It is interesting to consider the effect of the cold. A micrometer or caliper is made of steel, and is usually calibrated at +20 C. Steel has a coeff of thermal expansion around 12 ppm/C. Take that to -20 C and you have a shift of 40 C. 40 * 12 ppm = 480 ppm or ~0.05 %. This can be significant.

Anyhow, stop wingeing. It was ~45 Centgrade here yesterday. The galvo roof under the sun was way over that.

Cheers
Roger in Oz


----------



## dlane (Jan 8, 2018)

Pellet stove ( less work )  or a wood stove, nice dry heat


----------



## Richard White (richardsrelics) (Jan 8, 2018)
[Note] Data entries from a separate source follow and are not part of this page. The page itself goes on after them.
lemma pure_sparse_gapset_of_window:
  assumes "B \<subseteq> window n"
  shows "pure_sparse (2*n+1) (gapset_of_window n B)"
proof -
  let ?G = "gapset_of_window n B"
  have compl: "complementary_around (3*n+1) ?G"
    using complementary_around_gapset_of_window[OF assms] .
  then have "finite ?G" using finite_subset unfolding complementary_around_def by blast
  have B: "\<forall>x\<in>B. 2*n+2 \<le> x \<and> x \<le> 3*n" using assms unfolding window_def by auto
  then have "4*n+1 \<in> ?G" by (force simp: mem_gapset_of_window)
  have gap_le: "b - a \<le> 2*n+1" if "consecutive ?G a b" for a b
  proof -
    have "a \<in> ?G" "b \<in> ?G" and next_le: "\<And>c. c \<in> ?G \<Longrightarrow> a < c \<Longrightarrow> b \<le> c"
      using that unfolding consecutive_def by force+
    then have "1 \<le> a" "b \<le> 6*n+2"
      using compl unfolding complementary_around_def by auto
    consider "a < 2*n" | "2*n \<le> a \<and> a < 3*n+1" | "3*n+1 \<le> a \<and> a < 4*n+1" | "4*n+1 \<le> a"
      by linarith
    then show ?thesis
    proof cases
      case 1 then show ?thesis using next_le[of "a+1"] \<open>1 \<le> a\<close> by (simp add: mem_gapset_of_window)
    next
      case 2
      then have "b \<le> 3*n+1" using next_le[of "3*n+1"] by (simp add: mem_gapset_of_window)
      with 2 show ?thesis by linarith
    next
      case 3
      then have "b \<le> 4*n+1" using next_le[of "4*n+1"] \<open>4*n+1 \<in> ?G\<close> by simp
      with 3 show ?thesis by linarith
    qed (use \<open>b \<le> 6*n+2\<close> in simp)
  qed
  have "consecutive ?G (4*n+1) (6*n+2)"
    unfolding consecutive_def using B \<open>4*n+1 \<in> ?G\<close> by (fastforce simp: mem_gapset_of_window)
  then show ?thesis
    unfolding pure_sparse_iff_consecutive[OF \<open>finite ?G\<close>] using gap_le by force
qed

lemma gapset_of_window_in_pure_sparse_gapsets:
  assumes "B \<subseteq> window n"
  shows "gapset_of_window n B \<in> pure_sparse_gapsets (2*n+1) (3*n+2)"
proof -
  let ?G = "gapset_of_window n B"
  have compl: "complementary_around (3*n+1) ?G"
    using complementary_around_gapset_of_window[OF assms] .
  have "gapset ?G"
  proof (rule gapset_if_complementary_around[OF compl, of "2*n"])
    show "z \<le> 2*(2*n) + 1" if "z \<in> ?G" "z \<noteq> 2*(3*n+1)" for z
      using that assms by (auto simp: mem_gapset_of_window window_def)
  qed (simp add: mem_gapset_of_window)
  then show ?thesis
    unfolding pure_sparse_gapsets_def
    using card_complementary_around[OF compl] pure_sparse_gapset_of_window[OF assms] by simp
qed

lemma pseudo_symmetric_gapset_of_window:
  assumes "B \<subseteq> window n"
  shows "pseudo_symmetric (gapset_of_window n B)"
  using complementary_around_gapset_of_window[OF assms]
  unfolding pseudo_symmetric_def frobenius_def
  by (simp add: Max_complementary_around card_complementary_around)
(* The space $X_{\mathrm{crs}}$ is contractible.
   Context: Let $X$ be the following 2-dimensional CW-complex. Its 0-cells are $e_n^0$, $n\ge 0$; the point $x=e_0^0$ is called the origin. For each $n\ge1$ there are two 1-cells $e_n^1, e_{-n}^1$, each joining $x$ to $e_n^0$, so that $e_0^0\cup e_n^0\cup e_n^1\cup e_{-n}^1$ is homeomorphic to a circle; for each $n\ge1$ a 2-cell $e_n^2$ is attached via a homeomorphism $\varphi_n:S^1\to e_0^0\cup e_n^0\cup e_n^1\cup e_{-n}^1$. Thus each closed 2-cell $\overline{e_n^2}$ is a closed disk having $x$ and $e_n^0$ on its boundary, and $X$ is a wedge at $x$ of countably many closed disks, carrying the CW (weak) topology. The coarser topology on the set $X$ consists of all subsets $U\subset X$ that are open in the CW-topology and either do not contain $x$, or contain $\overline{e_n^2}\smallsetminus e_n^0$ for all but finitely many $n\ge1$. The set $X$ with this coarser topology is denoted $X_{\mathrm{crs}}$. *)

theory Defs
  imports "HOL-Analysis.Analysis"
begin

text \<open>Model of the wedge X of countably many closed disks.
  The n-th closed disk (n >= 1) is a copy of the closed unit disk cball 0 1 in the complex plane;
  its boundary point 1 is glued to the common origin x, and its boundary point -1 is the 0-cell e_n^0.
  The two open boundary arcs (upper and lower half of the unit circle) are the 1-cells e_n^1, e_{-n}^1.
  Points of X are represented as pairs (n, z) with n >= 1, |z| <= 1, z ~= 1, together with the
  origin, represented as (0, 1).\<close>

definition X_origin :: "nat \<times> complex" where
  "X_origin = (0, 1)"

definition X_set :: "(nat \<times> complex) set" where
  "X_set = insert X_origin {(n, z). n \<ge> 1 \<and> z \<in> cball 0 1 \<and> z \<noteq> 1}"

definition disk_map :: "nat \<Rightarrow> complex \<Rightarrow> nat \<times> complex" where
  "disk_map n z = (if z = 1 then X_origin else (n, z))"

definition cw_open :: "(nat \<times> complex) set \<Rightarrow> bool" where
  "cw_open U \<longleftrightarrow> U \<subseteq> X_set \<and>
     (\<forall>n\<ge>1. openin (top_of_set (cball (0::complex) 1)) {z \<in> cball 0 1. disk_map n z \<in> U})"

definition crs_open :: "(nat \<times> complex) set \<Rightarrow> bool" where
  "crs_open U \<longleftrightarrow> cw_open U \<and>
     (X_origin \<notin> U \<or>
      finite {n::nat. n \<ge> 1 \<and> \<not> (disk_map n ` (cball 0 1 - {-1}) \<subseteq> U)})"

definition X_crs :: "(nat \<times> complex) topology" where
  "X_crs = topology crs_open"

end

theory Submission
  imports Defs
begin

text \<open>Each closed disk is contracted along straight lines onto its boundary point 1, which is
  glued to the origin x. In the CW topology this is obviously continuous; in the coarser topology
  the only issue is continuity at the origin. There the basic neighbourhoods consisting of the
  origin, small disks around 1 in finitely many closed 2-cells and everything except e_n^0 in all
  other closed 2-cells are mapped into themselves by the whole homotopy, because a straight line
  towards 1 gets closer to 1 and never passes through the 0-cell -1.\<close>

lemma dist_linepath_end:
  fixes a b :: "'a::real_normed_vector"
  assumes "t \<le> 1"
  shows "dist (linepath a b t) b = (1 - t) * dist a b"
proof -
  have "linepath a b t - b = (1 - t) *\<^sub>R (a - b)"
    by (simp add: linepath_def algebra_simps)
  then show ?thesis
    using assms by (simp add: dist_norm)
qed

lemma dist_linepath_linepath_le:
  fixes a b c :: "'a::real_normed_vector"
  assumes "0 \<le> s" "s \<le> 1"
  shows "dist (linepath a c s) (linepath b c t) \<le> dist a b + \<bar>s - t\<bar> * dist b c"
proof -
  have "linepath a c s - linepath b c t = (1 - s) *\<^sub>R (a - b) + (s - t) *\<^sub>R (c - b)"
    by (simp add: linepath_def algebra_simps)
  then have "dist (linepath a c s) (linepath b c t) \<le> (1 - s) * dist a b + \<bar>s - t\<bar> * dist b c"
    using assms norm_triangle_ineq[of "(1 - s) *\<^sub>R (a - b)" "(s - t) *\<^sub>R (c - b)"]
    by (simp add: dist_norm norm_minus_commute)
  also have "\<dots> \<le> dist a b + \<bar>s - t\<bar> * dist b c"
    using assms by (simp add: mult_left_le_one_le)
  finally show ?thesis .
qed
lemma risk_decomposition:
  assumes adm: "admissible d Ws \<mu> n P"
  shows "risk lf \<mu> n P + pop_loss lf \<mu> center + ennreal (\<Sum>k\<in>{1..d}. 2 * incr_bound k)
       = exp_emp_loss lf \<mu> n P + pop_loss lf \<mu> center
         + (\<Sum>k\<in>{1..d}. \<integral>\<^sup>+ s. \<integral>\<^sup>+ w. ennreal (incr_gap k w s + 2 * incr_bound k) \<partial>P s \<partial>samples)"
proof -
  interpret samples: prob_space samples by (rule prob_space_PiM) (rule prob_space_axioms)
  define G where "G k s = (\<integral>\<^sup>+ w. ennreal (incr_gap k w s + 2 * incr_bound k) \<partial>P s)" for k s
  have G_meas: "G k \<in> borel_measurable samples" if "k \<in> {1..d}" for k
  proof -
    have [measurable]: "incr_gap k w \<in> borel_measurable samples" if "w \<in> weight_tuples" for w
      using that \<open>k \<in> {1..d}\<close> weight_tuples_subset
      by (intro incr_gap_measurable in_balls_ball_tuple) auto
    show ?thesis unfolding G_def[abs_def] by (intro admissible_nn_integral_measurable[OF adm]) measurable
  qed
  have emp_meas: "(\<lambda>s. ennreal (emp_loss lf n w s)) \<in> borel_measurable samples" if "w \<in> ball_tuples" for w
    using loss_measurable[OF that] unfolding emp_loss_def by measurable
  have "risk lf \<mu> n P + pop_loss lf \<mu> center + ennreal (\<Sum>k\<in>{1..d}. 2 * incr_bound k)
      = (\<integral>\<^sup>+ s. (\<integral>\<^sup>+ w. pop_loss lf \<mu> w \<partial>P s) + ennreal (emp_loss lf n center s)
                  + ennreal (\<Sum>k\<in>{1..d}. 2 * incr_bound k) \<partial>samples)"
    using admissible_nn_integral_measurable[OF adm, of "\<lambda>w s. pop_loss lf \<mu> w"] emp_meas[OF center_in_ball_tuples]
      nn_integral_emp_loss[of lf center n, OF loss_measurable[OF center_in_ball_tuples] loss_nonneg] n_pos
    by (simp add: risk_def nn_integral_add samples.emeasure_space_1)
  also have "\<dots> = (\<integral>\<^sup>+ s. (\<integral>\<^sup>+ w. ennreal (emp_loss lf n w s) \<partial>P s) + pop_loss lf \<mu> center
                      + (\<Sum>k\<in>{1..d}. G k s) \<partial>samples)"
  proof (intro nn_integral_cong)
    fix s assume s: "s \<in> space samples"
    define B where "B = ennreal (\<Sum>k\<in>{1..d}. 2 * incr_bound k)"
    have "(\<integral>\<^sup>+ w. pop_loss lf \<mu> w \<partial>P s) + ennreal (emp_loss lf n center s) + B
        = (\<integral>\<^sup>+ w. pop_loss lf \<mu> w + ennreal (emp_loss lf n center s) + B \<partial>P s)"
      by (simp add: nn_integral_add measure_pmf.emeasure_space_1)
    also have "\<dots> = (\<integral>\<^sup>+ w. ennreal (emp_loss lf n w s) + pop_loss lf \<mu> center
                       + (\<Sum>k\<in>{1..d}. ennreal (incr_gap k w s + 2 * incr_bound k)) \<partial>P s)"
      unfolding B_def using adm s
      by (intro nn_integral_cong_AE AE_pmfI loss_decomposition) (auto simp: admissible_def)
    also have "\<dots> = (\<integral>\<^sup>+ w. ennreal (emp_loss lf n w s) \<partial>P s) + pop_loss lf \<mu> center + (\<Sum>k\<in>{1..d}. G k s)"
      by (simp add: G_def nn_integral_add nn_integral_sum measure_pmf.emeasure_space_1)
    finally show "(\<integral>\<^sup>+ w. pop_loss lf \<mu> w \<partial>P s) + ennreal (emp_loss lf n center s) + B
        = (\<integral>\<^sup>+ w. ennreal (emp_loss lf n w s) \<partial>P s) + pop_loss lf \<mu> center + (\<Sum>k\<in>{1..d}. G k s)" .
  qed
  also have "\<dots> = exp_emp_loss lf \<mu> n P + pop_loss lf \<mu> center + (\<Sum>k\<in>{1..d}. integral\<^sup>N samples (G k))"
    using admissible_nn_integral_measurable[OF adm, of "\<lambda>w s. ennreal (emp_loss lf n w s)"]
      emp_meas weight_tuples_subset G_meas nn_integral_sum[of "{1..d}" G samples]
    by (simp add: exp_emp_loss_def nn_integral_add borel_measurable_sum samples.emeasure_space_1 subset_iff)
  finally show ?thesis by (simp add: G_def[abs_def])
qed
I have a natural gas ventless wall heater in my 3rd garage stall, built an uninsulated 2X6 wall covered on the outside only, room is 21X13 and with a ceiling fan I can get it to well over 80 in there with temps outside in the single digits. Me personally I like it about 64-66 degrees. The ceiling fan moves the warm air from the ceiling to the floor, the fan was $30 at Walmart


----------



## Ray C (Jan 8, 2018)

Hey guys, keep safety in mind...  Keep a carbon monoxide and smoke detector in the garage/shop.  Also, be careful about bulky clothing, especially on your left arm if you're operating lathes.

-Public safety message from Ray...


----------



## Richard White (richardsrelics) (Jan 8, 2018)

Yup sleeves are for nerds...LOL  I have a detector as well....Now who got my comment, and what show did I reference?


----------



## hermetic (Jan 8, 2018)

Slightly off topic, but here is a tip for all of you with torpedo type forced air heaters that run on kerosene or diesel. when they get to be a couple of years old the air pump loses efficiency, the fuel pick up  pressure drops, and they start to burn cold, and become smelly and smoky. I had this problem with mine, and fitting new vanes to the air pump did not cure it. In the back of the heater where the air intake filter is, you will see a small plug which is the test point for the air pump. If you remove this plug and connect a low pressure regulated air line to this point, you can adjust the air pressure to obtain the perfect smell and smoke free burn. Beware! they only need between 5 and 9psi, and you can tell when the burn is correct by looking at the hot end, the outer part of the hot dome should be red hot, the centre should be slightly cooler and darker, if the centre is red hot, too much pressure, turn it down! My Master brand Torpedo heater has been running like this since about 1978, and with an annual strip and clean, has required no spare parts, and still runs clean and hot. the pressure air pump is definitely the weak link on these heaters, and looking at a manual for these heaters a few moments ago, they have not really altered the design. If you have one in the back of your shop collecting dust, whilst you shiver, get it out and try this mod, it works! also, do not fail to clean out the fuel pick up filter as this also causes problems, sometimes fitted inside the pick up pipe.


----------



## Tozguy (Jan 8, 2018)

You have to heat the whole shop to keep people, machines and materials happy and compatible. Investing in insulation and sealing drafts will probably be the least expensive option in the long run, PLUS, it will be more comfortable and pleasant for you. There are cost effective ways to do it. Otherwise you will be heating the outdoors!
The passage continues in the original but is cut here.